1 Introduction

Securing systems that interact with malicious parties can be a tremendous challenge. Indeed, systems written in C are especially difficult to secure, given C's tendency to sacrifice safety for efficiency. One of the more subtle pitfalls facing implementors is the so-called format string vulnerability. Since the discovery of this failure mode in the past year, security experts have identified format string vulnerabilities in dozens of widely-deployed security-critical systems [2,4,5,8,9,10,11,22,23,24,25,27,30,35,43], and attackers have begun exploiting these security holes on a large scale [10,27], gaining root access on vulnerable systems. It seems likely that many legacy applications still contain undiscovered format string vulnerabilities.

Format string bugs arise from design misfeatures in the C standard library combined with a problematic implementation of variable-argument functions. Consider a typical usage of format strings:

$\displaystyle \texttt{printf(''\%s'', buf);}$

(correct)

$\displaystyle \texttt{printf(buf);}$

(may be incorrect!)

A perhaps unexpected consequence of format string bugs is that they can be devastating to security. When a knowledgeable adversary has control of the value of the format string s involved in a format string bug, they can use s to write to arbitrary memory locations. For example, including the ``%n'' specifier in a format string causes printf-like functions to store the number of characters printed so far into a location pointed to by the associated argument. When combined with other tricks, this often leads to a complete compromise of security. Techniques for exploiting format string bugs have been described elsewhere [30]; for the purposes of this paper, the details are unimportant.

The main contribution of this paper is to describe a system for automatically detecting format string bugs at compile-time. Our system applies static, type-theoretic analysis techniques from the programming languages literature to the task of detecting potential security holes. We have implemented our system as a tool built on top of an extensible type qualifier framework [19]. We have tested our tool on a number of real-world software systems, in the process independently re-discovering several format string bugs that were unknown to the authors at the time.

Before describing the ideas behind our tool in more detail, we discuss some of the alternatives to static analysis; more are discussed in Section 6.

One natural alternative to static analysis is testing. The main weakness of testing is coverage--it is extremely difficult to construct a test suite that exercises all possible paths through a program. Unfortunately, a security auditor is most interested in exactly the paths that are never followed in ordinary operation. For example, a major source of format string bugs comes from error reporting code (e.g., calls to syslog()). Such code is triggered only on rare, exceptional paths, and it is easy to overlook such paths--and hence, such bugs--with run-time testing. With static analysis, on the other hand, vulnerabilities can be proactively identified and fixed before the code is ever run.

Another alternative to automated static analysis is manual code review. Unfortunately, humans are not especially good at finding format string bugs by inspection. Figure 1 shows a representative example, excerpted from a recent version of wuftpd [2,43]. The code in Figure 1 reads a line of text from the network and passes it to lreply(), where it will later be used as a format string specifier to vsnprintf(). The correct syntax would have been lreply(200, "%s", buf), but the programmer omitted the "%s". As before, this introduces a serious security vulnerability.

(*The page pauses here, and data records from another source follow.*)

lemma edge_through_vertex:
  assumes "\<forall>r\<in>#R. size r = 2" "C \<subseteq># R" "count (sum_mset C) p < count (sum_mset R) p"
  obtains w where "add_mset {#p, w#} C \<subseteq># R"
proof -
  have "p \<in># sum_mset (R - C)" using assms(2,3) by (simp add: sum_mset_diff in_diff_count)
  then obtain r where r: "r \<in># R - C" "p \<in># r" by (meson in_Union_mset_iff)
  then have "size r = 2" using assms(1) by (meson in_diffD)
  then obtain w where "r = {#p, w#}" using r(2) by (rule size_2_msetE)
  moreover have "add_mset r C \<subseteq># R" using r(1) assms(2)
    by (metis add_mset_add_single subset_mset.add_diff_inverse subset_mset.add_le_cancel_left
        mset_subset_eq_single)
  ultimately show thesis using that by blast
qed

lemma size_exchange: "C \<subseteq># R \<Longrightarrow> size (R - C + A) = size R - size C + size A"
  by (simp only: size_union size_Diff_submset)

lemma set_mset_exchange: "A \<subseteq># S \<Longrightarrow> set_mset (R - C + A) \<subseteq> set_mset R \<union> set_mset S"
  by (auto dest: in_diffD mset_subset_eqD)

lemma sum_mset_exchange:
  fixes C R :: "'a multiset multiset"
  assumes "C \<subseteq># R" "sum_mset C + X = sum_mset A + Y"
  shows "sum_mset (R - C + A) + Y = sum_mset R + X"
proof -
  have "sum_mset (R - C + A) + Y = (sum_mset R - sum_mset C) + (sum_mset A + Y)"
    by (simp only: sum_mset.union sum_mset_diff[OF assms(1)] add.assoc)
  also have "\<dots> = (sum_mset R - sum_mset C) + (sum_mset C + X)"
    using assms(2) by simp
  also have "\<dots> = sum_mset R + X"
    using sum_mset_subset_eq_mono[OF assms(1)] by (simp add: add.assoc[symmetric])
  finally show ?thesis .
qed

text \<open>The S-edges A and the R-edges C form an alternating walk from u whose last edge ends at p.
  If p is covered more often by R than by C, the walk continues along an R-edge \<open>{p, w}\<close> and, unless
  w is deficient in S, along an S-edge at w; otherwise R - C + A is a multiset of |R| + 1 edges inside
  \<open>\<Sum>R \<union># \<Sum>S\<close>.\<close>

lemma alternating_walk:
  fixes R S A C :: "'v multiset multiset"
  assumes edges: "\<forall>r\<in>E. size r = 2" and RE: "set_mset R \<subseteq> E" and SE: "set_mset S \<subseteq> E"
    and no_aug: "\<forall>T. set_mset T \<subseteq> E \<longrightarrow> size T = size R + 1 \<longrightarrow>
      \<not> sum_mset T \<subseteq># sum_mset R \<union># sum_mset S"
    and heavy: "count (sum_mset R) u < count (sum_mset S) u"
    and "A \<subseteq># S" "C \<subseteq># R" "size A = size C + 1" "sum_mset A = sum_mset C + {#u, p#}"
  shows "\<exists>A C z. A \<subseteq># S \<and> C \<subseteq># R \<and> size A = size C \<and>
    sum_mset A + {#z#} = sum_mset C + {#u#} \<and> count (sum_mset S) z < count (sum_mset R) z"
  using assms(6-9)
proof (induction "size R - size C" arbitrary: A C p rule: less_induct)
  case less
  have R2: "\<forall>r\<in>#R. size r = 2" and S2: "\<forall>r\<in>#S. size r = 2" using edges RE SE by auto
  show ?case
  proof (cases "count (sum_mset C) p < count (sum_mset R) p")
    case True
    then obtain w where C': "add_mset {#p, w#} C \<subseteq># R"
      using edge_through_vertex[OF R2 less.prems(2)] by blast
    let ?C' = "add_mset {#p, w#} C"
    have step: "sum_mset A + {#w#} = sum_mset ?C' + {#u#}" using less.prems(4) by simp
    show ?thesis
    proof (cases "count (sum_mset S) w < count (sum_mset R) w")
      case True
      then show ?thesis using less.prems(1,3) C' step by fastforce
    next
      case False
      have "count (sum_mset ?C') w \<le> count (sum_mset R) w"
        by (rule mset_subset_eq_count[OF sum_mset_subset_eq_mono[OF C']])
      then have "count (sum_mset A) w < count (sum_mset S) w"
        using arg_cong[OF step, of "\<lambda>X. count X w"] False heavy by (auto split: if_splits)
      then obtain p' where A': "add_mset {#w, p'#} A \<subseteq># S"
        using edge_through_vertex[OF S2 less.prems(1)] by blast
      have shorter: "size R - size ?C' < size R - size C"
        using size_mset_mono[OF C'] by simp
      have "sum_mset (add_mset {#w, p'#} A) = sum_mset ?C' + {#u, p'#}"
        using step by simp
      from less.hyps[OF shorter A' C' _ this] less.prems(3) show ?thesis by simp
    qed
  next
    case False
    let ?T = "R - C + A"
    have "size ?T = size R + 1"
      using size_exchange[OF less.prems(2)] size_mset_mono[OF less.prems(2)] less.prems(3) by simp
    moreover have "set_mset ?T \<subseteq> E" using set_mset_exchange[OF less.prems(1)] RE SE by blast
    moreover have "sum_mset ?T = sum_mset R + {#u, p#}"
      using sum_mset_exchange[OF less.prems(2), of "{#u, p#}" A "{#}"] less.prems(4) by simp
    moreover have "sum_mset R + {#u, p#} \<subseteq># sum_mset R \<union># sum_mset S"
    proof (subst subseteq_mset_def, intro allI)
      fix q
      have "count (sum_mset A) q \<le> count (sum_mset S) q"
        by (rule mset_subset_eq_count[OF sum_mset_subset_eq_mono[OF less.prems(1)]])
      then show "count (sum_mset R + {#u, p#}) q \<le> count (sum_mset R \<union># sum_mset S) q"
        using arg_cong[OF less.prems(4), of "\<lambda>X. count X q"] False heavy
        by (auto split: if_splits)
    qed
    ultimately show ?thesis using no_aug by metis
  qed
qed

lemma exists_count_less:
  assumes "size X = size Y" "X \<noteq> Y"
  obtains u where "count Y u < count X u"
proof (rule ccontr)
  assume "\<not> thesis"
  with that have "X \<subseteq># Y" by (meson not_le subseteq_mset_def)
  with assms show False by (metis subset_mset.less_le mset_subset_size less_irrefl)
qed

lemma size_sum_mset_edges:
  "\<forall>r\<in>#X. size r = 2 \<Longrightarrow> size (sum_mset X) = 2 * size (X :: 'a multiset multiset)"
  by (induction X) auto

**Figure 1:** A format string vulnerability found in `wuftpd` 2.6.0, paraphrased for brevity.
$\begin{figure}\begin{center}\small\tt\begin{tabbing} while (fgets(buf, sizeof bu... ..., ap);\\ \>\vdots\\ %%\>VA\_END;\\ \} \end{tabbing}\end{center}\end{figure}$

In real code, the omission of a format string is often located far away from the place where the requirement for a trusted format string specifier becomes apparent. In the case of our wuftpd example, the offending call to lreply() was not even in the same file as the eventual use of vsnprintf(). Figure 1 also shows why naive static analysis--e.g., searching for all occurrences of printf(s) and replacing them with printf("%s", s)--does not work in practice. Very often format string bugs occur within wrapper functions to printf(), and these non-localized bugs require more sophisticated analysis techniques.

A third alternative would be to re-implement the application in a safe language (such as Java). However, such an approach is likely to be too costly for most legacy applications.